Enhance Your App with Image Analysis using BLIP3 Cognitive Actions

Integrating advanced capabilities into your applications has never been easier with the lucataco/blip3-phi3-mini-instruct-r-v1 API. This API provides a set of powerful Cognitive Actions, specifically designed to leverage the BLIP3 series of Large Multimodal Models developed by Salesforce AI Research. Among these actions, the ability to analyze images and generate insightful responses allows developers to create applications that can understand and interact with visual content intelligently.
Prerequisites
Before you dive into using the Cognitive Actions, ensure you have the following:
- An API key for the Cognitive Actions platform.
- Basic knowledge of sending HTTP requests and handling JSON data.
- Familiarity with Python (or your preferred programming language) for implementation.
Authentication typically involves sending your API key in the request headers, allowing you to access the actions securely.
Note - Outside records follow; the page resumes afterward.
(* Let $N\ge1$, let $\omega_1,\omega_2$ be nonzero complex numbers with $\sin\frac{2\pi\omega_1}{\omega_2}\ne0$, and put $q=e^{2\pi i\omega_1/\omega_2}$. Fix complex constants $\gamma_{N1},\dots,\gamma_{NN}$, and let the following operators act on meromorphic functions of the variables $\gamma_{nj}$, $n=1,\dots,N-1$, $1\le j\le n$ (with $e^{\pm i\omega_1\partial_{\gamma_{nj}}}$ the shift $\gamma_{nj}\mapsto\gamma_{nj}\pm i\omega_1$): $$\varrho(K_{nn})=e^{\frac{2\pi}{\omega_2}\left(\sum_{j=1}^n\gamma_{nj}-\sum_{j=1}^{n-1}\gamma_{n-1,j}\right)},$$ $$\varrho(E_{n,n+1})=\frac{2i\,e^{\frac{\pi i\omega_1}{\omega_2}(n-1)}}{\sin\frac{2\pi\omega_1}{\omega_2}}\sum_{j=1}^n\frac{\prod_{r=1}^{n+1}\sinh\frac{2\pi}{\omega_2}(\gamma_{nj}-\gamma_{n+1,r}-\frac{i\omega_1}{2})}{\prod_{s\ne j}\sinh\frac{2\pi}{\omega_2}(\gamma_{nj}-\gamma_{ns})}e^{-i\omega_1\partial_{\gamma_{nj}}},$$ $$\varrho(E_{n+1,n})=-\frac{i\,e^{-\frac{\pi i\omega_1}{\omega_2}(n-1)}}{2\sin\frac{2\pi\omega_1}{\omega_2}}\sum_{j=1}^n\frac{\prod_{r=1}^{n-1}\sinh\frac{2\pi}{\omega_2}(\gamma_{nj}-\gamma_{n-1,r}+\frac{i\omega_1}{2})}{\prod_{s\ne j}\sinh\frac{2\pi}{\omega_2}(\gamma_{nj}-\gamma_{ns})}e^{i\omega_1\partial_{\gamma_{nj}}}.$$ Then these operators define a representation of $U_q(\mathfrak{gl}(N))$ with $q=e^{2\pi i\omega_1/\omega_2}$, i.e. they satisfy all defining relations of $U_q(\mathfrak{gl}(N))$.
   Context: $U_q(\mathfrak{gl}(N))$ (here with $q$ specialized to the given complex number) is the algebra generated by $K_{nn}^{\pm1}$ ($1\le n\le N$), $E_{n,n+1},E_{n+1,n}$ ($1\le n\le N-1$) with relations: the $K$'s commute and $K_{nn}K_{nn}^{-1}=1$; $K_{nn}E_{m,m+1}K_{nn}^{-1}=q^{\delta_{nm}-\delta_{n,m+1}}E_{m,m+1}$; $K_{nn}E_{m+1,m}K_{nn}^{-1}=q^{\delta_{n,m+1}-\delta_{nm}}E_{m+1,m}$; $E_{n,n+1}E_{m+1,m}-E_{m+1,m}E_{n,n+1}=\delta_{nm}\frac{K_{nn}K_{n+1,n+1}^{-1}-K_{nn}^{-1}K_{n+1,n+1}}{q-q^{-1}}$; and for $X_n=E_{n,n+1}$ and for $X_n=E_{n+1,n}$: $[X_n,X_m]=0$ for $m\ne n\pm1$, $X_n^2X_{n+1}-(q+q^{-1})X_nX_{n+1}X_n+X_{n+1}X_n^2=0$, $X_{n+1}^2X_n-(q+q^{-1})X_{n+1}X_nX_{n+1}+X_nX_{n+1}^2=0$. Empty products are $1$. *)

theory Defs
  imports Complex_Main
begin

text \<open>Points: an assignment x of the variables gamma_{nj} (n = 1..N-1, 1 <= j <= n), encoded
  as x n j.  Functions acted upon: arbitrary complex-valued functions of such assignments.\<close>

type_synonym point = "nat \<Rightarrow> nat \<Rightarrow> complex"
type_synonym fn = "point \<Rightarrow> complex"
type_synonym oper = "fn \<Rightarrow> fn"

text \<open>gamma_{nj}; the row n = N consists of the fixed constants gN j.\<close>
definition gam :: "nat \<Rightarrow> (nat \<Rightarrow> complex) \<Rightarrow> point \<Rightarrow> nat \<Rightarrow> nat \<Rightarrow> complex" where
  "gam N gN x n j = (if n = N then gN j else x n j)"

definition shift :: "point \<Rightarrow> nat \<Rightarrow> nat \<Rightarrow> complex \<Rightarrow> point" where
  "shift x n j d = x(n := (x n)(j := x n j + d))"

definition Kexp :: "nat \<Rightarrow> complex \<Rightarrow> (nat \<Rightarrow> complex) \<Rightarrow> nat \<Rightarrow> point \<Rightarrow> complex" where
  "Kexp N w2 gN n x = 2 * of_real pi / w2 *
     ((\<Sum>j=1..n. gam N gN x n j) - (\<Sum>j=1..n-1. gam N gN x (n-1) j))"

definition Kop :: "nat \<Rightarrow> complex \<Rightarrow> (nat \<Rightarrow> complex) \<Rightarrow> nat \<Rightarrow> oper" where
  "Kop N w2 gN n f x = exp (Kexp N w2 gN n x) * f x"

definition Kinvop :: "nat \<Rightarrow> complex \<Rightarrow> (nat \<Rightarrow> complex) \<Rightarrow> nat \<Rightarrow> oper" where
  "Kinvop N w2 gN n f x = exp (- Kexp N w2 gN n x) * f x"

definition Eop :: "nat \<Rightarrow> complex \<Rightarrow> complex \<Rightarrow> (nat \<Rightarrow> complex) \<Rightarrow> nat \<Rightarrow> oper" where
  "Eop N w1 w2 gN n f x =
     (2 * \<i> * exp (of_real pi * \<i> * w1 / w2 * (of_nat n - 1)) / sin (2 * of_real pi * w1 / w2)) *
     (\<Sum>j=1..n.
        (\<Prod>r=1..n+1. sinh (2 * of_real pi / w2 *
             (gam N gN x n j - gam N gN x (n+1) r - \<i> * w1 / 2)))
        / (\<Prod>s\<in>{1..n} - {j}. sinh (2 * of_real pi / w2 * (gam N gN x n j - gam N gN x n s)))
        * f (shift x n j (- \<i> * w1)))"

definition Fop :: "nat \<Rightarrow> complex \<Rightarrow> complex \<Rightarrow> (nat \<Rightarrow> complex) \<Rightarrow> nat \<Rightarrow> oper" where
  "Fop N w1 w2 gN n f x =
     - (\<i> * exp (- (of_real pi * \<i> * w1 / w2 * (of_nat n - 1))) / (2 * sin (2 * of_real pi * w1 / w2))) *
     (\<Sum>j=1..n.
        (\<Prod>r=1..n-1. sinh (2 * of_real pi / w2 *
             (gam N gN x n j - gam N gN x (n-1) r + \<i> * w1 / 2)))
        / (\<Prod>s\<in>{1..n} - {j}. sinh (2 * of_real pi / w2 * (gam N gN x n j - gam N gN x n s)))
        * f (shift x n j (\<i> * w1)))"

text \<open>This set is invariant
  under all shifts occurring in the operators, and identities of difference operators with
  meromorphic coefficients are exactly pointwise identities on it.\<close>
definition generic :: "nat \<Rightarrow> complex \<Rightarrow> complex \<Rightarrow> point \<Rightarrow> bool" where
  "generic N w1 w2 x \<longleftrightarrow>
     (\<forall>n\<in>{1..<N}. \<forall>j\<in>{1..n}. \<forall>s\<in>{1..n}. j \<noteq> s \<longrightarrow>
        (\<forall>k::int. sinh (2 * of_real pi / w2 * (x n j - x n s + of_int k * \<i> * w1)) \<noteq> 0))"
Cognitive Actions Overview
Analyze Image with BLIP3
The Analyze Image with BLIP3 action allows you to analyze images and respond to questions using high-quality image captioning and in-context learning capabilities. This action falls under the category of image-analysis and is ideal for applications that require intelligent interaction with images.
Input
The input schema for this action requires the following fields:
- image (required): A URI pointing to the image that you want to analyze.
- question (optional): A question regarding the image. If not provided, it defaults to "how many dogs are in the picture?".
- maxNewTokens (optional): Specifies the maximum number of tokens to generate in the response, with a default value of 768 (must be between 512 and 2047).
- systemPrompt (optional): Sets the context for the interaction, guiding the AI on the desired style and tone. The default prompt is: "A chat between a curious user and an artificial intelligence assistant. The assistant gives helpful, detailed, and polite answers to the user's questions".
Here's an example input payload:
{
"image": "https://replicate.delivery/pbxt/KtacIzXNav6KQBhoK4XorduzIZpxPWLjnMgayp07TPS0oS6T/blip-demo.jpg",
"question": "how many dogs are in the picture?",
"maxNewTokens": 768,
"systemPrompt": "A chat between a curious user and an artificial intelligence assistant. The assistant gives helpful, detailed, and polite answers to the user's questions"
}
Output
The action will typically return a text response based on the analysis of the image. For example:
There is one dog in the picture.
This output provides a direct answer to the question posed, demonstrating the capability of the model to understand and interpret visual content.
Conceptual Usage Example (Python)
Here's how you might call the Analyze Image with BLIP3 action using Python:
import requests
import json
# Replace with your Cognitive Actions API key and endpoint
COGNITIVE_ACTIONS_API_KEY = "YOUR_COGNITIVE_ACTIONS_API_KEY"
COGNITIVE_ACTIONS_EXECUTE_URL = "https://api.cognitiveactions.com/actions/execute" # Hypothetical endpoint
action_id = "efb7885e-7ada-4fc9-b6d7-412068899457" # Action ID for Analyze Image with BLIP3
# Construct the input payload based on the action's requirements
payload = {
"image": "https://replicate.delivery/pbxt/KtacIzXNav6KQBhoK4XorduzIZpxPWLjnMgayp07TPS0oS6T/blip-demo.jpg",
"question": "how many dogs are in the picture?",
"maxNewTokens": 768,
"systemPrompt": "A chat between a curious user and an artificial intelligence assistant. The assistant gives helpful, detailed, and polite answers to the user's questions"
}
headers = {
"Authorization": f"Bearer {COGNITIVE_ACTIONS_API_KEY}",
"Content-Type": "application/json"
}
try:
response = requests.post(
COGNITIVE_ACTIONS_EXECUTE_URL,
headers=headers,
json={"action_id": action_id, "inputs": payload} # Hypothetical structure
)
response.raise_for_status() # Raise an exception for bad status codes (4xx or 5xx)
result = response.json()
print("Action executed successfully:")
print(json.dumps(result, indent=2))
except requests.exceptions.RequestException as e:
print(f"Error executing action {action_id}: {e}")
if e.response is not None:
print(f"Response status: {e.response.status_code}")
try:
print(f"Response body: {e.response.json()}")
except json.JSONDecodeError:
print(f"Response body: {e.response.text}")
In this code snippet:
- Replace
YOUR_COGNITIVE_ACTIONS_API_KEYwith your actual API key. - The
action_idcorresponds to the specific action you want to execute. - The
payloadis structured based on the input schema, ensuring all required fields are included.
Conclusion
The Analyze Image with BLIP3 action provides a powerful way to integrate image analysis capabilities into your applications. By leveraging this action, developers can build intelligent systems that understand and respond to visual content, enhancing user interaction significantly. Consider exploring additional use cases or combining various Cognitive Actions to create even more robust applications. Happy coding!